▸ **Problem description**:
Could you retype exactly the lines running from the line with "using eq[of m]" to the end of the data, both included, and nothing else?

[Dataset entries]
inductive_set local_swap_comps :: "nat \<Rightarrow> (ont list \<Rightarrow> ont list) set" for N where
  id: "id \<in> local_swap_comps N"
| loc: "\<lbrakk>f \<in> local_swap_comps N; i < N; bij \<sigma>\<rbrakk> \<Longrightarrow> local_perm i \<sigma> \<circ> f \<in> local_swap_comps N"
| swp: "\<lbrakk>f \<in> local_swap_comps N; i < N; j < N\<rbrakk> \<Longrightarrow> sys_swap i j \<circ> f \<in> local_swap_comps N"

end

theory Submission
  imports Defs "HOL-Combinatorics.Permutations"
begin

text \<open>
  They are the boxes
  \<open>S\<^sub>1 \<times> \<dots> \<times> S\<^sub>N\<close> of valid one-system states; these have at least two elements, and every
  two-element set is one. A non-entangling \<open>T\<close> maps boxes to boxes, so counting shows that it is
  injective and hence permutes the finitely many boxes. Therefore it preserves the relation
  "\<open>u\<close> lies in every box containing \<open>s\<close> and \<open>t\<close>", i.e. "every coordinate of \<open>u\<close> agrees with
  that of \<open>s\<close> or of \<open>t\<close>", and this relation determines adjacency in the Hamming graph on
  \<open>{1,2,3,4}\<^sup>N\<close>. An automorphism of a Hamming graph sends the edges in direction \<open>i\<close> to edges
  in a direction \<open>\<pi> i\<close> independent of the edge (by a square argument), \<open>\<pi>\<close> is a permutation, and
  coordinate \<open>\<pi> i\<close> of the image depends only on coordinate \<open>i\<close> of the argument, through a
  permutation \<open>\<sigma>\<^sub>i\<close>. Such a map is a composition of system swaps and local permutations.
\<close>

section \<open>Valid states of one elementary system\<close>

lemma all_ont: "(\<forall>x. P x) \<longleftrightarrow> P O1 \<and> P O2 \<and> P O3 \<and> P O4"
  by (metis ont.exhaust)

lemma ex_ont: "(\<exists>x. P x) \<longleftrightarrow> P O1 \<or> P O2 \<or> P O3 \<or> P O4"
  by (metis ont.exhaust)

lemma ex_pauli: "(\<exists>p. P p) \<longleftrightarrow> P PI \<or> P PX \<or> P PY \<or> P PZ"
  by (metis pauli.exhaust)

lemma finite_UNIV_ont: "finite (UNIV :: ont set)"
proof -
  have "(UNIV :: ont set) = {O1, O2, O3, O4}"
    by (auto intro: ont.exhaust)
  then show ?thesis
    by (metis finite.emptyI finite.insertI)
qed

lemma mem_ostates [simp]: "s \<in> ostates N \<longleftrightarrow> length s = N"
  by (simp add: ostates_def)

lemma toy_val_single [simp]: "toy_val (c, [p]) [x] = (if c then -1 else 1) * pval p x"
  by (simp add: toy_val_def)

lemma toy_mul_single [simp]: "toy_mul (c, [p]) (d, [q]) = (c \<noteq> d, [pmul p q])"
  by (simp add: toy_mul_def)

lemma toy_commute_single [simp]: "toy_commute (c, [p]) (d, [q]) \<longleftrightarrow> \<not> anticomm p q"
proof -
  have "{i. i < length [p] \<and> anticomm ([p] ! i) ([q] ! i)} = (if anticomm p q then {0} else {})"
    by auto
  then show ?thesis
    by (simp add: toy_commute_def)
qed

definition valid_single :: "ont set \<Rightarrow> bool" where
  "valid_single S \<longleftrightarrow> valid_epi 1 ((\<lambda>x. [x]) ` S)"

lemma toy_stabilizer_group_single:
  assumes "p \<noteq> PI"
  shows "toy_stabilizer_group 1 {(False, [PI]), (c, [p])}"
proof -
  have "pmul p p = PI" "pmul p PI = p" "pmul PI p = p"
    by (cases p; simp)+
  then show ?thesis
    using assms
    by (auto simp: toy_stabilizer_group_def anticomm_def minus_identity_def)
qed

lemma fixed_states_single_stabilizer:
  "{s \<in> ostates 1. \<forall>g\<in>{(False, [PI]), (c, [p])}. toy_val g s = 1}
     = (\<lambda>x. [x]) ` {x. toy_val (c, [p]) [x] = 1}"
  by (auto simp: length_Suc_conv)

lemma toy_eigenset_eq_pair:
  fixes a b :: ont
  assumes "a \<noteq> b"
  shows "\<exists>c p. p \<noteq> PI \<and> {x. toy_val (c, [p]) [x] = 1} = {a, b}"
  using assms by (cases a; cases b) (simp_all add: ex_pauli ex_bool_eq set_eq_iff all_ont)

lemma valid_single_card_2:
  assumes "card S = 2"
  shows "valid_single S"
proof -
  obtain a b where "a \<noteq> b" and S: "S = {a, b}"
    using assms by (auto simp: card_2_iff)
  then obtain c p where "p \<noteq> PI" and eigen: "{x. toy_val (c, [p]) [x] = 1} = {a, b}"
    using toy_eigenset_eq_pair by blast
  have "(\<lambda>x. [x]) ` S = {s \<in> ostates 1. \<forall>g\<in>{(False, [PI]), (c, [p])}. toy_val g s = 1}"
    unfolding fixed_states_single_stabilizer eigen S ..
  then show ?thesis
    unfolding valid_single_def valid_epi_def
    using toy_stabilizer_group_single[OF \<open>p \<noteq> PI\<close>] by blast
qed

lemma toy_stabilizer_group_single_cases:
  assumes "toy_stabilizer_group 1 G"
  obtains c p where "(c, p) \<noteq> (True, PI)" and "G \<subseteq> {(False, [PI]), (c, [p])}"
proof -
  have shape: "\<exists>c p. g = (c, [p])" if "g \<in> G" for g
    using assms that by (cases g) (auto simp: toy_stabilizer_group_def length_Suc_conv)
  have no_minus: "(True, [PI]) \<notin> G"
    using assms by (simp add: toy_stabilizer_group_def minus_identity_def)
  show ?thesis
  proof (cases "G \<subseteq> {(False, [PI])}")
    case True
    then show ?thesis
      using that by blast
  next
    case False
    then obtain c p where cp: "(c, [p]) \<in> G" "p \<noteq> PI"
      using shape no_minus by (metis (full_types) singletonI subsetI)
    have "h \<in> {(False, [PI]), (c, [p])}" if "h \<in> G" for h
    proof -
      obtain d q where h: "h = (d, [q])"
        using shape \<open>h \<in> G\<close> by blast
      have "toy_commute (c, [p]) h" and "toy_mul (c, [p]) h \<in> G"
        using assms cp(1) \<open>h \<in> G\<close> by (auto simp: toy_stabilizer_group_def)
      then show ?thesis
        using no_minus cp(2) h \<open>h \<in> G\<close>
        by (cases c; cases d; cases p; cases q) (auto simp: anticomm_def)
    qed
    then show ?thesis
      using that cp(2) by blast
  qed
qed

lemma valid_single_two_le_card:
  assumes "valid_single S"
  shows "2 \<le> card S"
proof -
  obtain G where G: "toy_stabilizer_group 1 G"
    and S: "(\<lambda>x. [x]) ` S = {s \<in> ostates 1. \<forall>g\<in>G. toy_val g s = 1}"
    using assms unfolding valid_single_def valid_epi_def by blast
  obtain c p where "(c, p) \<noteq> (True, PI)" and G_sub: "G \<subseteq> {(False, [PI]), (c, [p])}"
    using toy_stabilizer_group_single_cases[OF G] by blast
  then have "\<exists>a b. a \<noteq> b \<and> toy_val (c, [p]) [a] = 1 \<and> toy_val (c, [p]) [b] = 1"
    by (cases c; cases p) (simp_all add: ex_ont)
  then obtain a b where "a \<noteq> b" "toy_val (c, [p]) [a] = 1" "toy_val (c, [p]) [b] = 1"
    by blast
  then have "{a, b} \<subseteq> S"
    using S G_sub by (force simp: set_eq_iff)
  then have "card {a, b} \<le> card S"
    by (simp add: card_mono finite_subset[OF _ finite_UNIV_ont])
  then show ?thesis
    using \<open>a \<noteq> b\<close> by simp
qed

section \<open>Product states for the division into single systems\<close>

definition box :: "nat \<Rightarrow> (nat \<Rightarrow> 'a set) \<Rightarrow> 'a list set" where
  "box N S = {u. length u = N \<and> (\<forall>i<N. u ! i \<in> S i)}"

lemma card_box: "card (box N S) = (\<Prod>i<N. card (S i))"
proof (induction N arbitrary: S)
  case 0
  then show ?case
    by (simp add: box_def)
next
  case (Suc N)
  have box_Suc: "box (Suc N) S = (\<lambda>(x, u). x # u) ` (S 0 \<times> box N (\<lambda>i. S (Suc i)))"
  proof (rule set_eqI)
    fix u
    show "u \<in> box (Suc N) S \<longleftrightarrow> u \<in> (\<lambda>(x, u). x # u) ` (S 0 \<times> box N (\<lambda>i. S (Suc i)))"
      by (cases u) (auto simp: box_def image_iff less_Suc_eq_0_disj)
  qed
  have "inj (\<lambda>(x :: 'a, u). x # u)"
    by (auto simp: inj_def)
  then show ?case
    unfolding box_Suc
    by (simp add: card_image inj_on_subset card_cartesian_product Suc.IH prod.lessThan_Suc_shift
        del: prod.lessThan_Suc)
qed

lemma finite_ont_lists: "finite {s :: ont list. length s = N}"
  using finite_lists_length_eq[OF finite_UNIV_ont, of N] by simp

lemma finite_box: "finite (box N (S :: nat \<Rightarrow> ont set))"
  using finite_ont_lists[of N] by (rule finite_subset[rotated]) (auto simp: box_def)

definition singleton_partition :: "nat \<Rightarrow> nat set set" where
  "singleton_partition N = (\<lambda>i. {i}) ` {..<N}"

lemma partition_on_singleton_partition: "partition_on {0..<N} (singleton_partition N)"
  by (auto simp: partition_on_def singleton_partition_def disjoint_def)

lemma nths_singleton_set: "i < length s \<Longrightarrow> nths s {i} = [s ! i]"
proof (induction s arbitrary: i)
  case (Cons x s)
  then show ?case
    by (cases i) (simp_all add: nths_Cons)
qed simp

lemma product_state_singleton_partition_iff:
  "product_state N (singleton_partition N) E \<longleftrightarrow> (\<exists>S. (\<forall>i<N. valid_single (S i)) \<and> E = box N S)"
proof
  assume "product_state N (singleton_partition N) E"
  then obtain Es where valid: "\<forall>A\<in>singleton_partition N. valid_epi (card A) (Es A)"
    and E: "E = {s \<in> ostates N. \<forall>A\<in>singleton_partition N. nths s A \<in> Es A}"
    unfolding product_state_def by blast
  define S where "S i = {x. [x] \<in> Es {i}}" for i
  have "(\<lambda>x. [x]) ` S i = Es {i}" if "i < N" for i
  proof -
    have "valid_epi 1 (Es {i})"
      using valid that by (auto simp: singleton_partition_def)
    then have "Es {i} \<subseteq> ostates 1"
      by (auto simp: valid_epi_def)
    then show ?thesis
      by (force simp: S_def length_Suc_conv)
  qed
  then have "\<forall>i<N. valid_single (S i)"
    using valid by (auto simp: valid_single_def singleton_partition_def)
  moreover have "E = box N S"
    by (auto simp: E box_def S_def singleton_partition_def nths_singleton_set)
  ultimately show "\<exists>S. (\<forall>i<N. valid_single (S i)) \<and> E = box N S"
    by blast
next
  assume "\<exists>S. (\<forall>i<N. valid_single (S i)) \<and> E = box N S"
  then obtain S where valid: "\<forall>i<N. valid_single (S i)" and E: "E = box N S"
    by blast
  define Es where "Es A = (\<lambda>x. [x]) ` S (the_elem A)" for A
  have "\<forall>A\<in>singleton_partition N. valid_epi (card A) (Es A)"
    using valid by (auto simp: singleton_partition_def Es_def valid_single_def)
  moreover have "E = {s \<in> ostates N. \<forall>A\<in>singleton_partition N. nths s A \<in> Es A}"
    by (auto simp: E box_def Es_def singleton_partition_def nths_singleton_set)
  ultimately show "product_state N (singleton_partition N) E"
    unfolding product_state_def by blast
qed

lemma two_pow_le_card_product_state:
  assumes "product_state N (singleton_partition N) B"
  shows "2 ^ N \<le> card B"
proof -
  obtain S where "\<forall>i<N. valid_single (S i)" and B: "B = box N S"
    using assms product_state_singleton_partition_iff by blast
  then have "(\<Prod>i<N. 2) \<le> (\<Prod>i<N. card (S i))"
    by (intro prod_mono) (simp add: valid_single_two_le_card)
  then show ?thesis
    by (simp add: B card_box)
qed

definition between :: "nat \<Rightarrow> 'a list \<Rightarrow> 'a list \<Rightarrow> 'a list \<Rightarrow> bool" where
  "between N s t u \<longleftrightarrow> (\<forall>i<N. u ! i = s ! i \<or> u ! i = t ! i)"

lemma card_2_set_through:
  fixes a b c :: ont
  shows "\<exists>A. card A = 2 \<and> a \<in> A \<and> b \<in> A \<and> (c \<in> A \<longrightarrow> c = a \<or> c = b)"
proof (cases "a = b")
  case True
  obtain d where "d \<noteq> a" "d \<noteq> c"
    using ex_ont[of "\<lambda>d. d \<noteq> a \<and> d \<noteq> c"] by (cases a; cases c) auto
  then show ?thesis
    using True by (intro exI[of _ "{a, d}"]) auto
next
  case False
  then show ?thesis
    by (intro exI[of _ "{a, b}"]) auto
qed

lemma card_2_box_through:
  fixes s t u :: "ont list"
  assumes "length s = N" "length t = N"
  obtains S where "\<forall>i<N. card (S i) = 2" "s \<in> box N S" "t \<in> box N S"
    and "u \<in> box N S \<Longrightarrow> between N s t u"
proof -
  have "\<forall>i. \<exists>A. card A = 2 \<and> s ! i \<in> A \<and> t ! i \<in> A \<and> (u ! i \<in> A \<longrightarrow> u ! i = s ! i \<or> u ! i = t ! i)"
    using card_2_set_through by blast
  then obtain S where "\<forall>i. card (S i) = 2 \<and> s ! i \<in> S i \<and> t ! i \<in> S i
      \<and> (u ! i \<in> S i \<longrightarrow> u ! i = s ! i \<or> u ! i = t ! i)"
    by (auto dest: choice)
  then show ?thesis
    using that assms by (auto simp: box_def between_def)
qed

lemma product_state_box_card_2:
  "\<forall>i<N. card (S i) = 2 \<Longrightarrow> product_state N (singleton_partition N) (box N S)"
  by (auto simp: product_state_singleton_partition_iff valid_single_card_2 intro!: exI[of _ S])

lemma between_iff_product_states:
  fixes s t u :: "ont list"
  assumes "length s = N" "length t = N" "length u = N"
  shows "between N s t u \<longleftrightarrow>
    (\<forall>B. product_state N (singleton_partition N) B \<longrightarrow> s \<in> B \<longrightarrow> t \<in> B \<longrightarrow> u \<in> B)"
proof
  assume "between N s t u"
  then show "\<forall>B. product_state N (singleton_partition N) B \<longrightarrow> s \<in> B \<longrightarrow> t \<in> B \<longrightarrow> u \<in> B"
    using assms(3)
    by (force simp: product_state_singleton_partition_iff box_def between_def)
next
  assume "\<forall>B. product_state N (singleton_partition N) B \<longrightarrow> s \<in> B \<longrightarrow> t \<in> B \<longrightarrow> u \<in> B"
  then show "between N s t u"
    using card_2_box_through[OF assms(1,2)] product_state_box_card_2 by metis
qed
lemma power_diff_dvd_lift:
  fixes u v d :: int
  assumes "int p dvd d" and "d dvd u - v"
  shows "d * int p dvd u ^ p - v ^ p"
proof -
  have "[u = v] (mod int p)"
    using assms by (simp add: cong_iff_dvd_diff dvd_trans[of "int p" d])
  then have "[(\<Sum>i<p. v ^ (p - Suc i) * u ^ i) = (\<Sum>i<p. v ^ (p - Suc i) * v ^ i)] (mod int p)"
    by (intro cong_sum cong_mult cong_pow cong_refl)
  also have "(\<Sum>i<p. v ^ (p - Suc i) * v ^ i) = int p * v ^ (p - 1)"
    by (simp add: power_add[symmetric])
  finally have "int p dvd (\<Sum>i<p. v ^ (p - Suc i) * u ^ i)"
    by (simp add: cong_dvd_iff)
  then show ?thesis
    using assms(2) by (simp add: power_diff_sumr2 mult_dvd_mono)
qed

lemma power_diff_dvd_lift_strong:
  fixes u v d :: int
  assumes "int p dvd u" and "int p dvd v" and "d dvd u - v"
  shows "d * int p ^ (p - 1) dvd u ^ p - v ^ p"
proof -
  have "int p ^ (p - 1) dvd v ^ (p - Suc i) * u ^ i" if "i < p" for i
  proof -
    have "int p ^ (p - Suc i) * int p ^ i dvd v ^ (p - Suc i) * u ^ i"
      using assms by (intro mult_dvd_mono dvd_power_same)
    then show ?thesis using that by (simp add: power_add[symmetric])
  qed
  then have "int p ^ (p - 1) dvd (\<Sum>i<p. v ^ (p - Suc i) * u ^ i)" by (intro dvd_sum) simp
  then show ?thesis
    using assms(3) by (simp add: power_diff_sumr2 mult_dvd_mono)
qed

lemma power_prime_power_cong:
  fixes x :: int
  assumes "prime p"
  shows "[x ^ (p ^ Suc k) = x ^ (p ^ k)] (mod int p ^ Suc k)"
proof (induction k)
  case 0
  then show ?case using fermat_little_int[OF assms] by simp
next
  case (Suc k)
  then have "int p ^ Suc k * int p dvd (x ^ p ^ Suc k) ^ p - (x ^ p ^ k) ^ p"
    by (intro power_diff_dvd_lift) (simp_all add: cong_iff_dvd_diff)
  then show ?case
    by (simp add: cong_iff_dvd_diff power_mult[symmetric] mult.commute)
qed

lemma cong_mult_cancel_modulus:
  fixes a b c m :: int
  assumes "[c * a = c * b] (mod c * m)" and "c \<noteq> 0"
  shows "[a = b] (mod m)"
  using assms by (simp add: cong_def mod_mult_mult1)

section \<open>p-adic integers as residue sequences\<close>

lemma Zp_carrier_iff:
  "x \<in> carrier (Zp p) \<longleftrightarrow> (\<forall>n. 0 \<le> x n \<and> x n < int p ^ n \<and> x (Suc n) mod int p ^ n = x n)"
  by (simp add: Zp_def)

lemma Zp_zero: "\<zero>\<^bsub>Zp p\<^esub> = (\<lambda>n. 0)"
  and Zp_one: "\<one>\<^bsub>Zp p\<^esub> = (\<lambda>n. 1 mod int p ^ n)"
  and Zp_mult: "x \<otimes>\<^bsub>Zp p\<^esub> y = (\<lambda>n. (x n * y n) mod int p ^ n)"
  and Zp_add: "x \<oplus>\<^bsub>Zp p\<^esub> y = (\<lambda>n. (x n + y n) mod int p ^ n)"
  by (simp_all add: Zp_def)

lemma Zp_mod:
  assumes "x \<in> carrier (Zp p)"
  shows "x m mod int p ^ m = x m"
  using assms by (simp add: Zp_carrier_iff)

lemma Zp_cong:
  assumes x: "x \<in> carrier (Zp p)" and "k \<le> m" and "p > 0"
  shows "[x m = x k] (mod int p ^ k)"
  using \<open>k \<le> m\<close>
proof (induction m rule: dec_induct)
  case base
  then show ?case by simp
next
  case (step m)
  have "[x (Suc m) = x (Suc m) mod int p ^ m] (mod int p ^ k)"
    using step(1) by (simp add: cong_def mod_mod_cancel le_imp_power_dvd)
  also have "x (Suc m) mod int p ^ m = x m"
    using x by (simp add: Zp_carrier_iff)
  finally show ?case using step.IH by (rule cong_trans)
qed

lemma Zp_memI:
  assumes "\<And>m. [F (Suc m) = F m] (mod int p ^ m)" and "p > 0"
  shows "(\<lambda>m. F m mod int p ^ m) \<in> carrier (Zp p)"
proof -
  have "F (Suc m) mod int p ^ Suc m mod int p ^ m = F m mod int p ^ m" for m
    using assms(1)[of m] by (simp add: cong_def mod_mod_cancel le_imp_power_dvd)
  then show ?thesis using assms(2) by (simp add: Zp_carrier_iff)
qed

lemma Zp_eqI:
  assumes "x \<in> carrier (Zp p)" and "y \<in> carrier (Zp p)"
    and "\<And>m. [x m = y m] (mod int p ^ m)"
  shows "x = y"
  using assms by (metis Zp_mod cong_def ext)

definition Zp_of_int :: "nat \<Rightarrow> int \<Rightarrow> nat \<Rightarrow> int" where
  "Zp_of_int p z = (\<lambda>m. z mod int p ^ m)"

lemma Zp_of_int_closed: "p > 0 \<Longrightarrow> Zp_of_int p z \<in> carrier (Zp p)"
  unfolding Zp_of_int_def by (rule Zp_memI) simp_all

lemma Zp_zero_closed: "p > 0 \<Longrightarrow> \<zero>\<^bsub>Zp p\<^esub> \<in> carrier (Zp p)"
  by (simp add: Zp_carrier_iff Zp_zero)

lemma Zp_one_closed: "p > 0 \<Longrightarrow> \<one>\<^bsub>Zp p\<^esub> \<in> carrier (Zp p)"
  using Zp_of_int_closed[of p 1] by (simp add: Zp_of_int_def Zp_one)

lemma Zp_add_closed:
  assumes "x \<in> carrier (Zp p)" and "y \<in> carrier (Zp p)" and "p > 0"
  shows "x \<oplus>\<^bsub>Zp p\<^esub> y \<in> carrier (Zp p)"
  unfolding Zp_add by (rule Zp_memI) (use assms in \<open>auto intro!: cong_add Zp_cong\<close>)

lemma Zp_mult_closed:
  assumes "x \<in> carrier (Zp p)" and "y \<in> carrier (Zp p)" and "p > 0"
  shows "x \<otimes>\<^bsub>Zp p\<^esub> y \<in> carrier (Zp p)"
  unfolding Zp_mult by (rule Zp_memI) (use assms in \<open>auto intro!: cong_mult Zp_cong\<close>)

(* r / p^k for r divisible by p^k: its residue mod p^m is read off from r mod p^(m+k). *)
definition Zp_div_pow :: "nat \<Rightarrow> nat \<Rightarrow> (nat \<Rightarrow> int) \<Rightarrow> nat \<Rightarrow> int" where
  "Zp_div_pow p k r = (\<lambda>m. r (m + k) div int p ^ k)"

lemma Zp_div_pow:
  assumes r: "r \<in> carrier (Zp p)" and "r k = 0" and p: "p > 0"
  shows "Zp_div_pow p k r \<in> carrier (Zp p)"
    and "[int p ^ k * Zp_div_pow p k r m = r m] (mod int p ^ m)"
proof -
  let ?q = "Zp_div_pow p k r"
  have "int p ^ k dvd r (m + k)" for m
    using Zp_cong[OF r, of k "m + k"] p \<open>r k = 0\<close> by (simp add: cong_0_iff)
  then have q: "int p ^ k * ?q m = r (m + k)" for m
    by (simp add: Zp_div_pow_def)
  show "[int p ^ k * ?q m = r m] (mod int p ^ m)"
    unfolding q using Zp_cong[OF r, of m "m + k"] p by simp
  have range: "0 \<le> ?q m \<and> ?q m < int p ^ m" for m
  proof -
    have "0 \<le> int p ^ k * ?q m" "int p ^ k * ?q m < int p ^ k * int p ^ m"
      using r unfolding q Zp_carrier_iff by (metis power_add mult.commute)+
    moreover have "int p ^ k > 0" using p by simp
    ultimately show ?thesis by (simp add: zero_le_mult_iff mult_less_cancel_left_pos)
  qed
  have "[int p ^ k * ?q (Suc m) = int p ^ k * ?q m] (mod int p ^ k * int p ^ m)" for m
    unfolding q using Zp_cong[OF r, of "m + k" "Suc m + k"] p by (simp add: power_add mult.commute)
  then have "[?q (Suc m) = ?q m] (mod int p ^ m)" for m
    by (rule cong_mult_cancel_modulus) (use p in simp)
  then show "?q \<in> carrier (Zp p)"
    using range by (simp add: Zp_carrier_iff cong_def)
qed

definition Zp_inverse :: "nat \<Rightarrow> (nat \<Rightarrow> int) \<Rightarrow> nat \<Rightarrow> int" where
  "Zp_inverse p z = (\<lambda>m. modular_inverse (int p ^ m) (z m))"

lemma Zp_coprime_power:
  assumes p: "prime p" and z: "z \<in> carrier (Zp p)" and "z 1 \<noteq> 0"
  shows "coprime (z m) (int p ^ m)"
proof (cases "m = 0")
  case False
  have "0 \<le> z 1" "z 1 < int p" using z by (auto simp: Zp_carrier_iff dest: spec[of _ 1])
  then have "\<not> int p dvd z 1" using \<open>z 1 \<noteq> 0\<close> by (auto dest: zdvd_imp_le)
  moreover have "[z m = z 1] (mod int p)"
    using Zp_cong[OF z, of 1 m] False p prime_gt_0_nat by simp
  ultimately have "\<not> int p dvd z m" by (simp add: cong_dvd_iff)
  then show ?thesis
    using p by (simp add: prime_imp_coprime coprime_commute)
qed simp

lemma Zp_inverse:
  assumes p: "prime p" and z: "z \<in> carrier (Zp p)" and "z 1 \<noteq> 0"
  shows "Zp_inverse p z \<in> carrier (Zp p)"
    and "z \<otimes>\<^bsub>Zp p\<^esub> Zp_inverse p z = \<one>\<^bsub>Zp p\<^esub>"
proof -
  let ?w = "Zp_inverse p z"
  have p0: "p > 0" using p prime_gt_0_nat by blast
  have inv: "[z m * ?w m = 1] (mod int p ^ m)" for m
    using Zp_coprime_power[OF assms] by (simp add: Zp_inverse_def cong_modular_inverse1)
  show "z \<otimes>\<^bsub>Zp p\<^esub> ?w = \<one>\<^bsub>Zp p\<^esub>"
    using inv by (simp add: cong_def fun_eq_iff Zp_mult Zp_one)
  have "[z m * (?w (Suc m) mod int p ^ m) = z (Suc m) * ?w (Suc m)] (mod int p ^ m)" for m
    using Zp_cong[OF z, of m "Suc m"] p0 by (intro cong_mult) (simp_all add: cong_sym cong_def)
  moreover have "[z (Suc m) * ?w (Suc m) = 1] (mod int p ^ m)" for m
    using inv[of "Suc m"] by (rule cong_dvd_modulus) (simp add: le_imp_power_dvd)
  ultimately have eq: "modular_inverse (int p ^ m) (z m) = ?w (Suc m) mod int p ^ m" for m
    using p0 by (intro modular_inverse_int_eqI) (auto intro: cong_trans)
  have "0 \<le> ?w m \<and> ?w m < int p ^ m \<and> ?w (Suc m) mod int p ^ m = ?w m" for m
    using eq[of m] p0 by (simp add: Zp_inverse_def modular_inverse_int_nonneg modular_inverse_int_less)
  then show "?w \<in> carrier (Zp p)"
    by (simp add: Zp_carrier_iff)
qed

▸ **Solution below**:
    using eq[of m] p0 by (simp add: Zp_inverse_def modular_inverse_int_nonneg modular_inverse_int_less)
  then show "?w \<in> carrier (Zp p)"
    by (simp add: Zp_carrier_iff)
qed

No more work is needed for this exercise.